More recent efforts include the Analytical Information Markup Language (AnIML), which boasts an open format for scientific data based on a neutral XML format. The AnIML format is currently in pre-release and is moving through the finalization stages of the balloting process at the American Society for Testing and Materials.

Such efforts have attracted the attention of the Allotrope Foundation, an international association of pharmaceutical and biotech companies dedicated to the building of a "Laboratory Framework" to improve efficiency in data acquisition, archiving, and management. One of the major initiatives that the Foundation is taking on is the attempted implementation of common standards for all analytical data and contextual metadata generated in laboratory workflows.5 The Allotrope Foundation has stressed that it is not a standards body and that this work includes the evaluation and potential adaptation and extension of existing standards such as those described earlier.

While ambitious and very well organized, time will tell if these efforts will be adopted by the different industries that routinely acquire analytical instrument data and whether they can absolve them from the one-and-done data life cycle. A major challenge of these initiatives historically has been receiving full buy-in from the many major hardware and software vendors in the analytical chemistry marketplace who produce the many different proprietary data formats.

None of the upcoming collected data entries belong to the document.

(* Let $n$ and $B$ be powers of $2$ with $2\le B\le n$. Let $\sigma$ be uniformly random among the odd integers in $[n]$ and $b$ independently uniformly random in $[n]$. Fix $f,f'\in[n]$ with $f\neq f'$ and consider $o_{f,\sigma,b}(f')$ as an element of $\{-n/2,\dots,n/2-1\}$. Then: (i) if $n/B$ does not divide $f-f'$, then $o_{f,\sigma,b}(f')$ is uniformly distributed on $\mathbb{Z}_n$; (ii) if $f-f'\equiv j\,(n/B)\pmod n$ with $j$ even, then $\Pr\{o_{f,\sigma,b}(f')=\ell\}=0$ for all integers $\ell\in[-n/B,n/B]$; (iii) if $f-f'\equiv j\,(n/B)\pmod n$ with $j$ odd, then $\Pr\{o_{f,\sigma,b}(f')=\ell\}=0$ for all integers $\ell\in[-\frac{n}{2B},\frac{n}{2B})$, and $\Pr\{o_{f,\sigma,b}(f')=\ell\}=\frac2n$ for all integers $\ell\in[-\frac nB,-\frac n{2B})\cup[\frac n{2B},\frac nB]$.
   Context: For $\sigma,b\in[n]$: $\pi_{\sigma,b}(f)=\sigma(f-b)\bmod n$; $h_{\sigma,b}(f)=\mathrm{round}((B/n)\pi_{\sigma,b}(f))$ with $\mathrm{round}(y)=\lfloor y+1/2\rfloor$; and the offset $o_{f,\sigma,b}(f')=\pi_{\sigma,b}(f')-(n/B)h_{\sigma,b}(f)\bmod n$. Since $B$ is even, the parity of $j$ is well defined modulo $B$. *)

theory Defs
  imports "HOL-Probability.Probability" "HOL-Number_Theory.Cong"
begin

definition rnd :: "real \<Rightarrow> int" where
  "rnd y = \<lfloor>y + 1/2\<rfloor>"

definition perm_pi :: "int \<Rightarrow> int \<Rightarrow> int \<Rightarrow> int \<Rightarrow> int" where
  "perm_pi n \<sigma> b f = (\<sigma> * (f - b)) mod n"

definition hash_h :: "int \<Rightarrow> int \<Rightarrow> int \<Rightarrow> int \<Rightarrow> int \<Rightarrow> int" where
  "hash_h n B \<sigma> b f = rnd ((real_of_int B / real_of_int n) * real_of_int (perm_pi n \<sigma> b f))"

definition offset :: "int \<Rightarrow> int \<Rightarrow> int \<Rightarrow> int \<Rightarrow> int \<Rightarrow> int \<Rightarrow> int" where
  "offset n B f \<sigma> b f' = (perm_pi n \<sigma> b f' - (n div B) * hash_h n B \<sigma> b f) mod n"

definition centered :: "int \<Rightarrow> int \<Rightarrow> int" where
  "centered n x = (x + n div 2) mod n - n div 2"

definition sb_pmf :: "int \<Rightarrow> (int \<times> int) pmf" where
  "sb_pmf n = pmf_of_set ({s \<in> {0..<n}. odd s} \<times> {0..<n})"

end

theory Submission
  imports Defs
begin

The groups behind AnIML and Allotrope have strived mightily to achieve the level of collaboration required to deliver a true industry standard. Regardless of how it is achieved, such a standard will doubtless enable technology solutions; hasten vendor-agnostic analytical data management; and open up a range of possibilities for organizations to increase productivity, save time, improve problem-solving, and bring more new innovations to the marketplace.


2 Ryan Sasaki and Bruce Pharr. Unified Laboratory Intelligence White Paper. February 2013.
3 Susan Feldman and Chris Sherman. The High Cost of Not Finding Information. IDC #29127. April 2003.
4 Burkhard Schaefer. A Fresh Look at the AnIML Data Standard.
5 James Vergis and Dana Vanderwall. Standardizing Data Management. In Analytical and Bioanalytical Testing: s20. BioPharm International. August 2014.